:: What you are asked to do ::
Please take the entries below from the first line through the line containing "theory Defs" and repeat them exactly, leaving out everything after.

:: Available data ::
---*---

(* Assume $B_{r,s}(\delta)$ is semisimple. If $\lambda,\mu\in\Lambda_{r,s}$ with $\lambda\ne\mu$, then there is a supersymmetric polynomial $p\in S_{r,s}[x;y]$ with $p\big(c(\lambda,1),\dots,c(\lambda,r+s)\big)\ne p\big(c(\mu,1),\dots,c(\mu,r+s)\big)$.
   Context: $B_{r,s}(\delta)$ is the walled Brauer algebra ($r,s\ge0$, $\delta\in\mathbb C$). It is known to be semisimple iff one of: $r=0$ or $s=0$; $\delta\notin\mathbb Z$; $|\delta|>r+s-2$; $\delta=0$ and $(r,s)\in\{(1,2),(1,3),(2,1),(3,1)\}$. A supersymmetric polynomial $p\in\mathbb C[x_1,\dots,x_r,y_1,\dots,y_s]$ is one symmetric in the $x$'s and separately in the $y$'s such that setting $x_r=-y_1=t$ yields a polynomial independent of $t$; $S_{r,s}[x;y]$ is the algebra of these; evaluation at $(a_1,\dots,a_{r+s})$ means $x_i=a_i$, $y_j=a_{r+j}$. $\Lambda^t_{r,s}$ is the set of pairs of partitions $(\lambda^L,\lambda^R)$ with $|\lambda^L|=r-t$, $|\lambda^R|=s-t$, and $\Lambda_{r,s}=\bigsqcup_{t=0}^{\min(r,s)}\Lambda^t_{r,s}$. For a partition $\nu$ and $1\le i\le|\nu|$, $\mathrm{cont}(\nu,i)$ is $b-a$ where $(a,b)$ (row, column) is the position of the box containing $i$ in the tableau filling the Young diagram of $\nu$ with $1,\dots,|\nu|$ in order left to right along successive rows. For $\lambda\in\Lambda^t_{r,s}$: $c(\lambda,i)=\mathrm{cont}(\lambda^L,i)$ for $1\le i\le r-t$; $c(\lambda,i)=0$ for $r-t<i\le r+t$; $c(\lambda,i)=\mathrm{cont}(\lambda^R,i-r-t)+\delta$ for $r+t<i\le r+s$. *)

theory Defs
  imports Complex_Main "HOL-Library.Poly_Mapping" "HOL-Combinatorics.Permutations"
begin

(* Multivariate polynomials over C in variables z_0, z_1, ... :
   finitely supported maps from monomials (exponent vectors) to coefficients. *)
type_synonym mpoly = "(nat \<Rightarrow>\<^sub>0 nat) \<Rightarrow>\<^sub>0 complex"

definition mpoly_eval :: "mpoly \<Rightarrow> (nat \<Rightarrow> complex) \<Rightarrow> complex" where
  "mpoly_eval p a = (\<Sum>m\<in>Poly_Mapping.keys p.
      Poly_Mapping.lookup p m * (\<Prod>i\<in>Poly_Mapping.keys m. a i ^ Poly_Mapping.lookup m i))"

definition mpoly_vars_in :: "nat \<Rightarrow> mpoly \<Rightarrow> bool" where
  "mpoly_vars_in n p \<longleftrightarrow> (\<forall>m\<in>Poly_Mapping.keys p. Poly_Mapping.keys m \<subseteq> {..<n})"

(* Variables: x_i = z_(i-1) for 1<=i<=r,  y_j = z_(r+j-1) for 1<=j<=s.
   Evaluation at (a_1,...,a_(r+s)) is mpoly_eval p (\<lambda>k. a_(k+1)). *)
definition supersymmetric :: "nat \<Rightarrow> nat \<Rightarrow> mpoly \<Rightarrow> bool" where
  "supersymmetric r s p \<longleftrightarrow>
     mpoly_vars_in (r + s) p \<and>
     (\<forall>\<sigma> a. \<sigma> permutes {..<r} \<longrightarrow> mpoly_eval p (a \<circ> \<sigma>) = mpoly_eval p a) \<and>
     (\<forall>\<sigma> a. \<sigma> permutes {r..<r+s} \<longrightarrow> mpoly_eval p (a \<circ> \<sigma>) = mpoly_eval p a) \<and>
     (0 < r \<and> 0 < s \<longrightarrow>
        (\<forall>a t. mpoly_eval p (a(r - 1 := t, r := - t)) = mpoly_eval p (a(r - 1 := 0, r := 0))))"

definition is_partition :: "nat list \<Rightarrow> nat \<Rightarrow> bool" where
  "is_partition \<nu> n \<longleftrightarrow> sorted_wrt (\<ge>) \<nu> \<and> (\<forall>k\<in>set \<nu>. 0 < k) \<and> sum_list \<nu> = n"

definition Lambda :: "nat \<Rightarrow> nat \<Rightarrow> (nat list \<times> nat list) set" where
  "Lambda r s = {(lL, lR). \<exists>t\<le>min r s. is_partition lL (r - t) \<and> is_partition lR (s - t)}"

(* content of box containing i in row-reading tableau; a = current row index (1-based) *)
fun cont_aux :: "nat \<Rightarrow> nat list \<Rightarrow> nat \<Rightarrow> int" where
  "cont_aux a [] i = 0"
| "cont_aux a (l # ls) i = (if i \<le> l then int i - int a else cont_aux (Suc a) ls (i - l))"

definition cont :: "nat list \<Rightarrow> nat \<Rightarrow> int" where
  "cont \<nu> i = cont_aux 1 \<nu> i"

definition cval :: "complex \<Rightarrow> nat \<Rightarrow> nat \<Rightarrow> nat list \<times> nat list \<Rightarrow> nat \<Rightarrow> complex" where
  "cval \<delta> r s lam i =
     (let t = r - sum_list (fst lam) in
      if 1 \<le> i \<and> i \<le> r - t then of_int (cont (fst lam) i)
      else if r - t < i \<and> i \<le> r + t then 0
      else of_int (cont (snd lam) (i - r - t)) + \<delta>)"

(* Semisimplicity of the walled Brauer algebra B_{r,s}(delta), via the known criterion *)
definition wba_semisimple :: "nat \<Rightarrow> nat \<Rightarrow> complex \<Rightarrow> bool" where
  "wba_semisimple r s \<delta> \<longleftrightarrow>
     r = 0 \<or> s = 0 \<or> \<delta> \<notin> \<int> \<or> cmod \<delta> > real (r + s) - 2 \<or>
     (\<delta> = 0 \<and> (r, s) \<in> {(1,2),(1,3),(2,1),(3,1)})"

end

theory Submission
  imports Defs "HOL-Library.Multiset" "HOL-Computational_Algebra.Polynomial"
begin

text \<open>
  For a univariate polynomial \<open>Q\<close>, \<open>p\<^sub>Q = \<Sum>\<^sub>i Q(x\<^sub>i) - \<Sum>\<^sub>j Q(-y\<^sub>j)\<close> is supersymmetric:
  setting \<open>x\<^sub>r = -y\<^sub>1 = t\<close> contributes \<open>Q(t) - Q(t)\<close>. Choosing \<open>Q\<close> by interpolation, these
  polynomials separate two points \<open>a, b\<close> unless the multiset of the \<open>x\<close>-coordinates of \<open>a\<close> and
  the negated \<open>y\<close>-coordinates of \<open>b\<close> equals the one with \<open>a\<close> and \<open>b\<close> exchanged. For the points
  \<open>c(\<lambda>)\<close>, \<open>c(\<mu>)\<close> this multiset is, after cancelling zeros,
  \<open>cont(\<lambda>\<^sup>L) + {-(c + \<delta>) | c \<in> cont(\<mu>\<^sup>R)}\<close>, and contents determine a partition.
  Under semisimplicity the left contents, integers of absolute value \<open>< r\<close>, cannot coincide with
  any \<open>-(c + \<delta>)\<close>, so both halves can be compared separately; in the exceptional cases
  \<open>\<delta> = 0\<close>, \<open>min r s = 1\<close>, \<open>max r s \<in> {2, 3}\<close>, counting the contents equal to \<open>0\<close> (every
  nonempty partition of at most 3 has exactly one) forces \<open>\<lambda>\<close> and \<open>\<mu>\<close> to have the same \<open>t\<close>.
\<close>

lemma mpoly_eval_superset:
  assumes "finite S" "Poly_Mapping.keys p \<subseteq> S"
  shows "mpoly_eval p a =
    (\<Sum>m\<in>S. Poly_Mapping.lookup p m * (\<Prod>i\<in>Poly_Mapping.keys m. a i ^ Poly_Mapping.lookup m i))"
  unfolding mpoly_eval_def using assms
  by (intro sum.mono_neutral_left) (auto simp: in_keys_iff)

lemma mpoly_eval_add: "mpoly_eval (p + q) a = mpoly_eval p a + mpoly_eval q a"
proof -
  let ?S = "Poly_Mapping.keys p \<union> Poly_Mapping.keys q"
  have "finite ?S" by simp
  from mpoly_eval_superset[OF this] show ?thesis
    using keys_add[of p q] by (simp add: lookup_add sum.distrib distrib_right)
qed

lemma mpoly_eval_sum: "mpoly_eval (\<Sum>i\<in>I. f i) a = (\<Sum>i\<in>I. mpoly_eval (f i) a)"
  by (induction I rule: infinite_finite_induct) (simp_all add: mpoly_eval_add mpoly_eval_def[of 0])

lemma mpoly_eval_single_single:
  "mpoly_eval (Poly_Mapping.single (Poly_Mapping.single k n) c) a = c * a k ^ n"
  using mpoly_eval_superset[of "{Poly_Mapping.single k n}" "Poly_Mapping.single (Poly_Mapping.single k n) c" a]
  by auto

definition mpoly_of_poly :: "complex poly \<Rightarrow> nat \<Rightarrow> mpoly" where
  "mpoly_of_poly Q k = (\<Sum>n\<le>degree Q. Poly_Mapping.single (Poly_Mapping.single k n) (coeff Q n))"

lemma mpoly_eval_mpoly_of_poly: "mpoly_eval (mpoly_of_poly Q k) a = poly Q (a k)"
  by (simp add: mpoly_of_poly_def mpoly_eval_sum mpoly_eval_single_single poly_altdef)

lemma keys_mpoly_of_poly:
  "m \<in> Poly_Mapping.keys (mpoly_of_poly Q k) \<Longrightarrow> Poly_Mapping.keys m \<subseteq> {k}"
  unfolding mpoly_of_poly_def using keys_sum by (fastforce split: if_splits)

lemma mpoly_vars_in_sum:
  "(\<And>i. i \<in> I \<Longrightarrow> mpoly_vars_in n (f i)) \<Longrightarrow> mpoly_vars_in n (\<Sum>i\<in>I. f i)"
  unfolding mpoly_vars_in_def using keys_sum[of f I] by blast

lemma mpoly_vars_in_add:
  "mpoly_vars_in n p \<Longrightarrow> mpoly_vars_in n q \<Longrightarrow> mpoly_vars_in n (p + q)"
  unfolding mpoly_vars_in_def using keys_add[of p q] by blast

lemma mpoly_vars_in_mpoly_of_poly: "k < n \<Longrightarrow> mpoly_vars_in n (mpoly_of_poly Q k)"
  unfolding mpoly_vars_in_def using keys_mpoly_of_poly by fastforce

---*---

:: Answer section ::
(* Assume $B_{r,s}(\delta)$ is semisimple. If $\lambda,\mu\in\Lambda_{r,s}$ with $\lambda\ne\mu$, then there is a supersymmetric polynomial $p\in S_{r,s}[x;y]$ with $p\big(c(\lambda,1),\dots,c(\lambda,r+s)\big)\ne p\big(c(\mu,1),\dots,c(\mu,r+s)\big)$.
   Context: $B_{r,s}(\delta)$ is the walled Brauer algebra ($r,s\ge0$, $\delta\in\mathbb C$). It is known to be semisimple iff one of: $r=0$ or $s=0$; $\delta\notin\mathbb Z$; $|\delta|>r+s-2$; $\delta=0$ and $(r,s)\in\{(1,2),(1,3),(2,1),(3,1)\}$. A supersymmetric polynomial $p\in\mathbb C[x_1,\dots,x_r,y_1,\dots,y_s]$ is one symmetric in the $x$'s and separately in the $y$'s such that setting $x_r=-y_1=t$ yields a polynomial independent of $t$; $S_{r,s}[x;y]$ is the algebra of these; evaluation at $(a_1,\dots,a_{r+s})$ means $x_i=a_i$, $y_j=a_{r+j}$. $\Lambda^t_{r,s}$ is the set of pairs of partitions $(\lambda^L,\lambda^R)$ with $|\lambda^L|=r-t$, $|\lambda^R|=s-t$, and $\Lambda_{r,s}=\bigsqcup_{t=0}^{\min(r,s)}\Lambda^t_{r,s}$. For a partition $\nu$ and $1\le i\le|\nu|$, $\mathrm{cont}(\nu,i)$ is $b-a$ where $(a,b)$ (row, column) is the position of the box containing $i$ in the tableau filling the Young diagram of $\nu$ with $1,\dots,|\nu|$ in order left to right along successive rows. For $\lambda\in\Lambda^t_{r,s}$: $c(\lambda,i)=\mathrm{cont}(\lambda^L,i)$ for $1\le i\le r-t$; $c(\lambda,i)=0$ for $r-t<i\le r+t$; $c(\lambda,i)=\mathrm{cont}(\lambda^R,i-r-t)+\delta$ for $r+t<i\le r+s$. *)

theory Defs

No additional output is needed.